_Exercise requirements_
The required result is one figure, the count of lines below with the string "True" in them.

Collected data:
lemma rs_sum_snoc:
  assumes "xs \<noteq> []"
  shows "rs_sum f g (xs @ [y]) \<tau> = rs_sum f g xs \<tau> + f (\<tau> (length xs - 1)) * (g y - g (last xs))"
proof -
  obtain m where m: "length xs = Suc m" using assms by (cases xs) auto
  have "rs_sum f g (xs @ [y]) \<tau>
      = (\<Sum>j<m. f (\<tau> j) * (g ((xs @ [y]) ! Suc j) - g ((xs @ [y]) ! j))) + f (\<tau> m) * (g y - g (xs ! m))"
    using m by (simp add: rs_sum_def nth_append)
  also have "(\<Sum>j<m. f (\<tau> j) * (g ((xs @ [y]) ! Suc j) - g ((xs @ [y]) ! j))) = rs_sum f g xs \<tau>"
    unfolding rs_sum_def using m by (intro sum.cong) (auto simp: nth_append)
  finally show ?thesis using m assms by (simp add: last_conv_nth)
qed

lemma near_tagged_Cons_Cons_iff:
  "near_tagged a b \<delta> (x # y # r) \<tau> \<longleftrightarrow>
     \<tau> 0 \<in> {a..b} \<and> \<bar>\<tau> 0 - x\<bar> < \<delta> \<and> \<bar>\<tau> 0 - y\<bar> < \<delta> \<and> near_tagged a b \<delta> (y # r) (\<lambda>j. \<tau> (Suc j))"
  by (auto simp: near_tagged_def less_Suc_eq_0_disj simp del: atLeastAtMost_iff)

lemma near_tagged_if_fine_tagged:
  assumes "partition_of u v xs" "fine_tagged d xs \<tau>" "a \<le> u" "v \<le> b"
  shows "near_tagged a b d xs \<tau>"
  unfolding near_tagged_def
proof (intro allI impI)
  fix j assume j: "j < length xs - 1"
  have "u \<le> xs ! j" "xs ! Suc j \<le> v"
    using partition_of_nth_bounds[OF assms(1)] j by auto
  then show "\<tau> j \<in> {a..b} \<and> \<bar>\<tau> j - xs ! j\<bar> < d \<and> \<bar>\<tau> j - xs ! Suc j\<bar> < d"
    using assms(2-4) j by (auto simp: fine_tagged_def abs_less_iff)
qed

lemma dominated_increments_mono:
  "dominated_increments a b G V \<Longrightarrow> a \<le> a' \<Longrightarrow> b' \<le> b \<Longrightarrow> dominated_increments a' b' G V"
  by (simp add: dominated_increments_def)

lemma dominated_increments_le:
  "dominated_increments a b G V \<Longrightarrow> a \<le> x \<Longrightarrow> x \<le> y \<Longrightarrow> y \<le> b \<Longrightarrow> V x \<le> V y"
  unfolding dominated_increments_def by (smt (verit) abs_ge_zero)

lemma rs_sum_peel_first:
  assumes "partition_of u v (u # y # r)" "near_tagged a b \<delta> (u # y # r) \<sigma>" "u < x" "x \<le> y"
  obtains ys \<sigma>' where "rs_sum f g (u # y # r) \<sigma> = f (\<sigma> 0) * (g x - g u) + rs_sum f g ys \<sigma>'"
    "partition_of x v ys" "near_tagged a b \<delta> ys \<sigma>'" "length ys \<le> length (u # y # r)"
proof -
  from assms(2) have \<sigma>0: "\<sigma> 0 \<in> {a..b}" "\<bar>\<sigma> 0 - u\<bar> < \<delta>" "\<bar>\<sigma> 0 - y\<bar> < \<delta>"
    and tail: "near_tagged a b \<delta> (y # r) (\<lambda>j. \<sigma> (Suc j))"
    by (simp_all add: near_tagged_Cons_Cons_iff)
  show ?thesis
  proof (cases "x = y")
    case True
    then show ?thesis
      using assms(1) tail by (intro that[of "y # r" "\<lambda>j. \<sigma> (Suc j)"])
        (auto simp: rs_sum_Cons_Cons partition_of_Cons_Cons_iff)
  next
    case False
    have "\<bar>\<sigma> 0 - x\<bar> < \<delta>"
      using \<sigma>0 assms(3,4) by (simp add: abs_less_iff)
    with \<sigma>0 tail have "near_tagged a b \<delta> (x # y # r) \<sigma>"
      by (simp add: near_tagged_Cons_Cons_iff)
    moreover have "partition_of x v (x # y # r)"
      using assms(1,4) False by (simp add: partition_of_Cons_Cons_iff)
    ultimately show ?thesis
      by (intro that[of "x # y # r" \<sigma>]) (auto simp: rs_sum_Cons_Cons algebra_simps)
  qed
qed

lemma rs_sum_near_tagged_diff_le:
  assumes modulus: "uniform_modulus {a..b} f (2 * \<delta>) \<epsilon>" and dom: "dominated_increments a b g V"
  shows "partition_of u v xs \<Longrightarrow> partition_of u v ys \<Longrightarrow> a \<le> u \<Longrightarrow> v \<le> b
     \<Longrightarrow> near_tagged a b \<delta> xs \<tau> \<Longrightarrow> near_tagged a b \<delta> ys \<sigma>
     \<Longrightarrow> \<bar>rs_sum f g xs \<tau> - rs_sum f g ys \<sigma>\<bar> \<le> \<epsilon> * (V v - V u)"
proof (induction "length xs + length ys" arbitrary: u xs ys \<tau> \<sigma> rule: less_induct)
  case (less xs ys u \<tau> \<sigma>)
  have peel: "\<bar>rs_sum f g (u # x # xr) \<tau>' - rs_sum f g (u # y # yr) \<sigma>'\<bar> \<le> \<epsilon> * (V v - V u)"
    if "x \<le> y" "length xr + length yr + 4 = length xs + length ys"
      and px: "partition_of u v (u # x # xr)" and py: "partition_of u v (u # y # yr)"
      and tx: "near_tagged a b \<delta> (u # x # xr) \<tau>'" and ty: "near_tagged a b \<delta> (u # y # yr) \<sigma>'"
    for x xr y yr \<tau>' \<sigma>'
  proof -
    have "u < x" and px': "partition_of x v (x # xr)"
      using px by (auto simp: partition_of_Cons_Cons_iff)
    have \<tau>0: "\<tau>' 0 \<in> {a..b}" "\<bar>\<tau>' 0 - u\<bar> < \<delta>" and tx': "near_tagged a b \<delta> (x # xr) (\<lambda>j. \<tau>' (Suc j))"
      using tx by (auto simp: near_tagged_Cons_Cons_iff simp del: atLeastAtMost_iff)
    have \<sigma>0: "\<sigma>' 0 \<in> {a..b}" "\<bar>\<sigma>' 0 - u\<bar> < \<delta>"
      using ty by (auto simp: near_tagged_Cons_Cons_iff simp del: atLeastAtMost_iff)
    have "\<bar>f (\<tau>' 0) - f (\<sigma>' 0)\<bar> \<le> \<epsilon>" and "0 \<le> \<epsilon>"
      using modulus \<tau>0 \<sigma>0 unfolding uniform_modulus_def by (force simp: abs_less_iff)+
    moreover have "\<bar>g x - g u\<bar> \<le> V x - V u"
      using dom less.prems(3,4) \<open>u < x\<close> partition_of_imp_le[OF px']
      by (simp add: dominated_increments_def)
    ultimately have first: "\<bar>(f (\<tau>' 0) - f (\<sigma>' 0)) * (g x - g u)\<bar> \<le> \<epsilon> * (V x - V u)"
      unfolding abs_mult by (intro mult_mono) auto
    obtain ys' \<sigma>'' where ys': "rs_sum f g (u # y # yr) \<sigma>' = f (\<sigma>' 0) * (g x - g u) + rs_sum f g ys' \<sigma>''"
      and "partition_of x v ys'" "near_tagged a b \<delta> ys' \<sigma>''" "length ys' \<le> length (u # y # yr)"
      using rs_sum_peel_first[OF py ty \<open>u < x\<close> \<open>x \<le> y\<close>] by blast
    then have rest: "\<bar>rs_sum f g (x # xr) (\<lambda>j. \<tau>' (Suc j)) - rs_sum f g ys' \<sigma>''\<bar> \<le> \<epsilon> * (V v - V x)"
      using less.hyps[OF _ px' _ _ less.prems(4) tx'] that(2) less.prems(3) \<open>u < x\<close> by auto
    have "rs_sum f g (u # x # xr) \<tau>' - rs_sum f g (u # y # yr) \<sigma>'
        = (f (\<tau>' 0) - f (\<sigma>' 0)) * (g x - g u)
          + (rs_sum f g (x # xr) (\<lambda>j. \<tau>' (Suc j)) - rs_sum f g ys' \<sigma>'')"
      unfolding ys' rs_sum_Cons_Cons[of f g u x xr] by (simp add: algebra_simps)
    then show ?thesis
      using first rest abs_triangle_ineq[of "(f (\<tau>' 0) - f (\<sigma>' 0)) * (g x - g u)"
          "rs_sum f g (x # xr) (\<lambda>j. \<tau>' (Suc j)) - rs_sum f g ys' \<sigma>''"]
      by (simp add: algebra_simps)
  qed
  show ?case
  proof (cases rule: partition_of_cases[OF less.prems(1)])
    case 1
    then show ?thesis using less.prems(2) by (auto dest!: partition_of_degenerate)
  next
    case xs: (2 x xr)
    show ?thesis
    proof (cases rule: partition_of_cases[OF less.prems(2)])
      case 1
      then show ?thesis using less.prems(1) by (auto dest!: partition_of_degenerate)
    next
      case ys: (2 y yr)
      show ?thesis
      proof (cases "x \<le> y")
        case True
        show ?thesis
          unfolding xs ys by (rule peel[OF True _ less.prems(1,2,5,6)[unfolded xs ys]]) (simp add: xs ys)
      next
        case False
        have "\<bar>rs_sum f g ys \<sigma> - rs_sum f g xs \<tau>\<bar> \<le> \<epsilon> * (V v - V u)"
          unfolding xs ys
          by (rule peel[OF _ _ less.prems(2,1,6,5)[unfolded xs ys]]) (use False in \<open>simp_all add: xs ys\<close>)
        then show ?thesis by (simp add: abs_minus_commute)
      qed
    qed
  qed
qed

section \<open>The Riemann--Stieltjes integral against a dominated integrator\<close>

lemma continuous_on_Icc_uniform_modulus:
  assumes "continuous_on {a..b} F" "0 \<le> W" "e > 0"
  obtains \<delta> \<epsilon> where "\<delta> > 0" "uniform_modulus {a..b} F (2 * \<delta>) \<epsilon>" "\<epsilon> * W < e"
proof -
  define \<epsilon> where "\<epsilon> = e / (W + 1)"
  have "\<epsilon> > 0" "\<epsilon> * W < e"
    using assms(2,3) by (simp_all add: \<epsilon>_def field_simps)
  moreover obtain d where "d > 0" "\<forall>x\<in>{a..b}. \<forall>y\<in>{a..b}. dist y x < d \<longrightarrow> dist (F y) (F x) < \<epsilon>"
    using compact_uniformly_continuous[OF assms(1) compact_Icc] \<open>\<epsilon> > 0\<close>
    unfolding uniformly_continuous_on_def by metis
  then have "uniform_modulus {a..b} F (2 * (d / 2)) \<epsilon>"
    by (force simp: uniform_modulus_def dist_real_def)
  ultimately show ?thesis using that[of "d / 2" \<epsilon>] \<open>d > 0\<close> by simp
qed

lemma uniform_modulus_subset:
  "uniform_modulus S F \<delta> \<epsilon> \<Longrightarrow> T \<subseteq> S \<Longrightarrow> uniform_modulus T F \<delta> \<epsilon>"
  by (auto simp: uniform_modulus_def)

lemma has_rs_integral_unique:
  assumes "a \<le> b" "has_rs_integral F G a b I" "has_rs_integral F G a b J"
  shows "I = J"
proof (rule ccontr)
  assume "I \<noteq> J"
  then have e: "\<bar>I - J\<bar> / 2 > 0" by simp
  obtain d1 where "d1 > 0" and d1: "\<forall>xs \<tau>. partition_of a b xs \<and> fine_tagged d1 xs \<tau> \<longrightarrow>
      \<bar>rs_sum F G xs \<tau> - I\<bar> < \<bar>I - J\<bar> / 2"
    using has_rs_integral_iff[THEN iffD1, rule_format, OF assms(2) e] by blast
  obtain d2 where "d2 > 0" and d2: "\<forall>xs \<tau>. partition_of a b xs \<and> fine_tagged d2 xs \<tau> \<longrightarrow>
      \<bar>rs_sum F G xs \<tau> - J\<bar> < \<bar>I - J\<bar> / 2"
    using has_rs_integral_iff[THEN iffD1, rule_format, OF assms(3) e] by blast
  obtain xs where xs: "partition_of a b xs" "fine_tagged (min d1 d2) xs (\<lambda>j. xs ! j)"
    using partition_of_exists_fine[OF assms(1), of "min d1 d2"] \<open>d1 > 0\<close> \<open>d2 > 0\<close> by auto
  then have "fine_tagged d1 xs (\<lambda>j. xs ! j)" "fine_tagged d2 xs (\<lambda>j. xs ! j)"
    by (auto simp: fine_tagged_def)
  moreover have False if "\<bar>r - I\<bar> < \<bar>I - J\<bar> / 2" "\<bar>r - J\<bar> < \<bar>I - J\<bar> / 2" for r
    using that \<open>I \<noteq> J\<close> by argo
  ultimately show False
    using xs(1) d1 d2 by blast
qed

_Result of the exercise_
3